Ms. Boland also opened up new territory as fit subject matter for poetry. The Irish writer and scholar Declan Kiberd once said that she was “one of the few Irish poets to describe with any fidelity the lives now lived by half a million people in the suburbs of Dublin.” It was no coincidence. In 2014, she told the arts and culture magazine Believer:
“I was a woman in a house in the suburbs, married with two small children. It was a life lived by many women around me, but it was still not named in Irish poetry….I’ve often said that when I was young it was easier to have a political murder in a poem than a baby.
“I wanted to put the life I lived into the poem I wrote. And the life I lived was a woman’s life. And I couldn’t accept the possibility that the life of the woman would not, or could not, be named in the poetry of my own nation.”
Aside from writing and raising two daughters with her novelist husband, Kevin Casey, Ms. Boland pursued a very successful academic career, taking up teaching at Trinity College, Dublin, University College Dublin, and Bowdoin College. She was also a member of the International Writing Program at the University of Iowa, and a writer-in-residence at Trinity College, Dublin, and at the National Maternity Hospital.
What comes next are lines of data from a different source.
(* Let $K$ be a field, $R=\bigoplus_{m\ge0}R_m$ an $\mathbb N$-graded $K$-algebra and let $A$ be a graded right double Ore extension of $R$ with generators $x_1,x_2$, relation $x_2x_1=p_{12}x_1x_2+p_{11}x_1^2+\tau_1x_1+\tau_2x_2+\tau_0$, and maps $\sigma=(\sigma_{ij})$, $\delta=(\delta_1,\delta_2)^T$. If $p_{11}=0$, $p_{12}\neq0$, $\sigma_{12}=\sigma_{21}=0$, and $\sigma_{11},\sigma_{22}$ are automorphisms of $R$, then $A$ is a graded skew PBW extension of $R$.
   Context: A $K$-algebra $B\supseteq R$ is a right double Ore extension of $R$ if: it is generated by $R$ and $x_1,x_2$; $x_2x_1=p_{12}x_1x_2+p_{11}x_1^2+\tau_1x_1+\tau_2x_2+\tau_0$ with $p_{12},p_{11}\in K$, $\tau_i\in R$; $B$ is a free left $R$-module with basis $\{x_1^ax_2^b\}_{a,b\ge0}$; and $x_1R+x_2R\subseteq Rx_1+Rx_2+R$. The maps $\sigma_{ij},\delta_i$ are defined by $x_ir=\sigma_{i1}(r)x_1+\sigma_{i2}(r)x_2+\delta_i(r)$. It is graded if all its relations are homogeneous with $\deg x_1=\deg x_2=1$. A ring $A$ is a skew PBW extension of $R$ in $x_1,\dots,x_n$ if $R\subseteq A$; $A$ is a free left $R$-module with basis the monomials $x_1^{\alpha_1}\cdots x_n^{\alpha_n}$; for each $i$ and $r\ne0$ there is $c_{i,r}\ne0$ in $R$ with $x_ir-c_{i,r}x_i\in R$; for all $i,j$ there is $c_{i,j}\in R\setminus\{0\}$ with $x_jx_i-c_{i,j}x_ix_j\in R+Rx_1+\cdots+Rx_n$. Then $x_ir=\sigma_i(r)x_i+\delta_i(r)$ with $\sigma_i$ an injective endomorphism and $\delta_i$ a $\sigma_i$-derivation. It is bijective if all $\sigma_i$ are bijective and all $c_{i,j}$ invertible. A graded skew PBW extension is a bijective skew PBW extension of an $\mathbb N$-graded $R$ such that each $\sigma_i$ is graded, $\delta_i(R_m)\subseteq R_{m+1}$, and $x_jx_i-c_{i,j}x_ix_j\in R_2+R_1x_1+\cdots+R_1x_n$ with $c_{i,j}\in R_0$. *)

theory Defs
  imports Main
begin

(* Conventions: the ambient ring A (the extension) is the whole type 'a::ring_1.
   The field K is represented by its (isomorphic) image in A: a central subfield. *)

definition subring :: "'a::ring_1 set \<Rightarrow> bool" where
  "subring S \<longleftrightarrow> 0 \<in> S \<and> 1 \<in> S \<and> (\<forall>a\<in>S. - a \<in> S) \<and>
     (\<forall>a\<in>S. \<forall>b\<in>S. a + b \<in> S \<and> a * b \<in> S)"

definition central_subfield :: "'a::ring_1 set \<Rightarrow> bool" where
  "central_subfield K \<longleftrightarrow> subring K \<and>
     (\<forall>k\<in>K. k \<noteq> 0 \<longrightarrow> (\<exists>k'\<in>K. k * k' = 1 \<and> k' * k = 1)) \<and>
     (\<forall>k\<in>K. \<forall>a. k * a = a * k)"

definition graded_ring :: "'a::ring_1 set \<Rightarrow> (nat \<Rightarrow> 'a set) \<Rightarrow> bool" where
  "graded_ring R Rg \<longleftrightarrow> subring R \<and>
     (\<forall>m. Rg m \<subseteq> R \<and> 0 \<in> Rg m \<and> (\<forall>a\<in>Rg m. \<forall>b\<in>Rg m. a + b \<in> Rg m \<and> - a \<in> Rg m)) \<and>
     1 \<in> Rg 0 \<and>
     (\<forall>i j. \<forall>a\<in>Rg i. \<forall>b\<in>Rg j. a * b \<in> Rg (i + j)) \<and>
     (\<forall>r\<in>R. \<exists>!c::nat \<Rightarrow> 'a. (\<forall>m. c m \<in> Rg m) \<and> finite {m. c m \<noteq> 0} \<and>
                r = (\<Sum>m\<in>{m. c m \<noteq> 0}. c m))"

definition graded_K_algebra :: "'a::ring_1 set \<Rightarrow> 'a set \<Rightarrow> (nat \<Rightarrow> 'a set) \<Rightarrow> bool" where
  "graded_K_algebra K R Rg \<longleftrightarrow> K \<subseteq> R \<and> graded_ring R Rg \<and>
     (\<forall>m. \<forall>k\<in>K. \<forall>a\<in>Rg m. k * a \<in> Rg m)"

inductive_set ring_gen :: "'a::ring_1 set \<Rightarrow> 'a set" for S where
  base: "a \<in> S \<Longrightarrow> a \<in> ring_gen S"
| zero: "0 \<in> ring_gen S"
| one: "1 \<in> ring_gen S"
| neg: "a \<in> ring_gen S \<Longrightarrow> - a \<in> ring_gen S"
| add: "a \<in> ring_gen S \<Longrightarrow> b \<in> ring_gen S \<Longrightarrow> a + b \<in> ring_gen S"
| mult: "a \<in> ring_gen S \<Longrightarrow> b \<in> ring_gen S \<Longrightarrow> a * b \<in> ring_gen S"

definition free_basis2 :: "'a::ring_1 set \<Rightarrow> 'a \<Rightarrow> 'a \<Rightarrow> bool" where
  "free_basis2 R x1 x2 \<longleftrightarrow> (\<forall>u::'a. \<exists>!f::nat \<times> nat \<Rightarrow> 'a.
      (\<forall>ab. f ab \<in> R) \<and> finite {ab. f ab \<noteq> 0} \<and>
      u = (\<Sum>(a,b)\<in>{ab. f ab \<noteq> 0}. f (a,b) * (x1 ^ a * x2 ^ b)))"

definition right_double_ore ::
  "'a::ring_1 set \<Rightarrow> 'a set \<Rightarrow> 'a \<Rightarrow> 'a \<Rightarrow> 'a \<Rightarrow> 'a \<Rightarrow> 'a \<Rightarrow> 'a \<Rightarrow> 'a \<Rightarrow> bool" where
  "right_double_ore K R x1 x2 p12 p11 t1 t2 t0 \<longleftrightarrow>
     K \<subseteq> R \<and> subring R \<and>
     (\<forall>u. u \<in> ring_gen (R \<union> {x1, x2})) \<and>
     p12 \<in> K \<and> p11 \<in> K \<and> t1 \<in> R \<and> t2 \<in> R \<and> t0 \<in> R \<and>
     x2 * x1 = p12 * x1 * x2 + p11 * x1 ^ 2 + t1 * x1 + t2 * x2 + t0 \<and>
     free_basis2 R x1 x2 \<and>
     (\<forall>r\<in>R. \<exists>a\<in>R. \<exists>b\<in>R. \<exists>c\<in>R. x1 * r = a * x1 + b * x2 + c) \<and>
     (\<forall>r\<in>R. \<exists>a\<in>R. \<exists>b\<in>R. \<exists>c\<in>R. x2 * r = a * x1 + b * x2 + c)"

definition double_ore_maps ::
  "'a::ring_1 set \<Rightarrow> 'a \<Rightarrow> 'a \<Rightarrow> ('a \<Rightarrow> 'a) \<Rightarrow> ('a \<Rightarrow> 'a) \<Rightarrow> ('a \<Rightarrow> 'a) \<Rightarrow> ('a \<Rightarrow> 'a)
     \<Rightarrow> ('a \<Rightarrow> 'a) \<Rightarrow> ('a \<Rightarrow> 'a) \<Rightarrow> bool" where
  "double_ore_maps R x1 x2 s11 s12 s21 s22 d1 d2 \<longleftrightarrow>
     (\<forall>r\<in>R. s11 r \<in> R \<and> s12 r \<in> R \<and> s21 r \<in> R \<and> s22 r \<in> R \<and> d1 r \<in> R \<and> d2 r \<in> R \<and>
        x1 * r = s11 r * x1 + s12 r * x2 + d1 r \<and>
        x2 * r = s21 r * x1 + s22 r * x2 + d2 r)"

(* graded right double Ore extension: all relations homogeneous, deg x1 = deg x2 = 1 *)
definition graded_right_double_ore ::
  "'a::ring_1 set \<Rightarrow> 'a set \<Rightarrow> (nat \<Rightarrow> 'a set) \<Rightarrow> 'a \<Rightarrow> 'a \<Rightarrow> 'a \<Rightarrow> 'a \<Rightarrow> 'a \<Rightarrow> 'a \<Rightarrow> 'a
     \<Rightarrow> ('a \<Rightarrow> 'a) \<Rightarrow> ('a \<Rightarrow> 'a) \<Rightarrow> ('a \<Rightarrow> 'a) \<Rightarrow> ('a \<Rightarrow> 'a) \<Rightarrow> ('a \<Rightarrow> 'a) \<Rightarrow> ('a \<Rightarrow> 'a) \<Rightarrow> bool" where
  "graded_right_double_ore K R Rg x1 x2 p12 p11 t1 t2 t0 s11 s12 s21 s22 d1 d2 \<longleftrightarrow>
     right_double_ore K R x1 x2 p12 p11 t1 t2 t0 \<and>
     double_ore_maps R x1 x2 s11 s12 s21 s22 d1 d2 \<and>
     t1 \<in> Rg 1 \<and> t2 \<in> Rg 1 \<and> t0 \<in> Rg 2 \<and>
     (\<forall>m. \<forall>r\<in>Rg m. s11 r \<in> Rg m \<and> s12 r \<in> Rg m \<and> s21 r \<in> Rg m \<and> s22 r \<in> Rg m \<and>
                    d1 r \<in> Rg (Suc m) \<and> d2 r \<in> Rg (Suc m))"

definition ring_automorphism :: "'a::ring_1 set \<Rightarrow> ('a \<Rightarrow> 'a) \<Rightarrow> bool" where
  "ring_automorphism R f \<longleftrightarrow> bij_betw f R R \<and> f 1 = 1 \<and>
     (\<forall>a\<in>R. \<forall>b\<in>R. f (a + b) = f a + f b \<and> f (a * b) = f a * f b)"

definition exps :: "nat \<Rightarrow> (nat \<Rightarrow> nat) set" where
  "exps n = {\<alpha>. \<forall>i. i \<notin> {1..n} \<longrightarrow> \<alpha> i = 0}"

definition monom :: "nat \<Rightarrow> (nat \<Rightarrow> 'a::ring_1) \<Rightarrow> (nat \<Rightarrow> nat) \<Rightarrow> 'a" where
  "monom n x \<alpha> = prod_list (map (\<lambda>i. x i ^ \<alpha> i) [1..<Suc n])"

definition free_monomial_basis :: "'a::ring_1 set \<Rightarrow> nat \<Rightarrow> (nat \<Rightarrow> 'a) \<Rightarrow> bool" where
  "free_monomial_basis R n x \<longleftrightarrow> (\<forall>u::'a. \<exists>!f::(nat \<Rightarrow> nat) \<Rightarrow> 'a.
      (\<forall>\<alpha>. f \<alpha> \<in> R) \<and> (\<forall>\<alpha>. \<alpha> \<notin> exps n \<longrightarrow> f \<alpha> = 0) \<and> finite {\<alpha>. f \<alpha> \<noteq> 0} \<and>
      u = (\<Sum>\<alpha>\<in>{\<alpha>. f \<alpha> \<noteq> 0}. f \<alpha> * monom n x \<alpha>))"

definition lin_span :: "'a::ring_1 set \<Rightarrow> 'a set \<Rightarrow> nat \<Rightarrow> (nat \<Rightarrow> 'a) \<Rightarrow> 'a set" where
  "lin_span S0 S1 n x = {r0 + (\<Sum>k=1..n. r k * x k) | r0 r. r0 \<in> S0 \<and> (\<forall>k. r k \<in> S1)}"

definition skew_PBW :: "'a::ring_1 set \<Rightarrow> nat \<Rightarrow> (nat \<Rightarrow> 'a) \<Rightarrow> bool" where
  "skew_PBW R n x \<longleftrightarrow> subring R \<and> free_monomial_basis R n x \<and>
     (\<forall>i\<in>{1..n}. \<forall>r\<in>R. r \<noteq> 0 \<longrightarrow> (\<exists>c\<in>R. c \<noteq> 0 \<and> x i * r - c * x i \<in> R)) \<and>
     (\<forall>i\<in>{1..n}. \<forall>j\<in>{1..n}. \<exists>c\<in>R. c \<noteq> 0 \<and> x j * x i - c * x i * x j \<in> lin_span R R n x)"

definition unit_in :: "'a::ring_1 set \<Rightarrow> 'a \<Rightarrow> bool" where
  "unit_in R c \<longleftrightarrow> (\<exists>c'\<in>R. c * c' = 1 \<and> c' * c = 1)"

(* sigma_i, delta_i are the (unique, by freeness) maps with x_i r = sigma_i(r) x_i + delta_i(r);
   c_{i,j} is unique by freeness as well, so existential quantification is faithful *)
definition bijective_skew_PBW :: "'a::ring_1 set \<Rightarrow> nat \<Rightarrow> (nat \<Rightarrow> 'a) \<Rightarrow> bool" where
  "bijective_skew_PBW R n x \<longleftrightarrow> skew_PBW R n x \<and>
     (\<forall>i\<in>{1..n}. \<exists>\<sigma> \<delta>. (\<forall>r\<in>R. \<sigma> r \<in> R \<and> \<delta> r \<in> R \<and> x i * r = \<sigma> r * x i + \<delta> r) \<and>
                         bij_betw \<sigma> R R) \<and>
     (\<forall>i\<in>{1..n}. \<forall>j\<in>{1..n}. \<exists>c\<in>R. c \<noteq> 0 \<and> unit_in R c \<and>
                         x j * x i - c * x i * x j \<in> lin_span R R n x)"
In the late 1970s and 1980s, she taught at the School of Irish Studies in Dublin. From 1996 until her death, she was a tenured professor of English at Stanford University where she was the Bella Mabury and Eloise Mabury Knapp Professor in the Humanities and the Melvin and Bill Lane Professor and director of the Creative Writing program. She divided her time between Palo Alto, and her home in Dublin.
It was at University College Dublin in the early 1980s that I had the privilege of studying under Ms. Boland while pursuing a graduate course in Anglo-Irish Literature. What strikes me to this day is how consistent her demeanor in the class was with her poetic voice – generous and modest, but authoritative. In this, she was an inspiration to our class in Modern Irish Poetry, and particularly to the women, who clearly emulated her. A number of them went on to successful academic careers of their own in Canada, the US, and Ireland. The many accolades and academic awards Ms. Boland received as her career matured were no surprise to those who studied with her.
In 2018, to mark the 100th anniversary of the granting of suffrage to women in Ireland, she read excerpts at the United Nations from a poem she had written for the occasion, “Our Future Will Become the Past of Other Women.” It included a section that, she told the assembly, was about the grandmothers and great-grandmothers of the suffragists, women who had never had the chance to vote:
“Ghost-sufferer, our ghost-sister
Remind us now again that history
Changes in one moment with one mind.
That it belongs to us, to all of us.
As we mark these hundred years
We will not leave you behind.”
It would serve her well as an epitaph. Eavan Boland held herself, as well as others, accountable. Her students, her readers, her fellow poets all knew that they could count on her to stand up when it mattered. As Hannah Aizenman, the New Yorker’s poetry coordinator, wrote in the magazine’s edition dated April 29, the day of Ms. Boland’s death, she “refused to let the lyric off the hook of history.”
Michael McGonagle is a Dorchester native, the son of Irish parents, and a long-time Jesuit educator. He currently works at Notre Dame Academy in Hingham and serves in the Ignatian Volunteer Corps.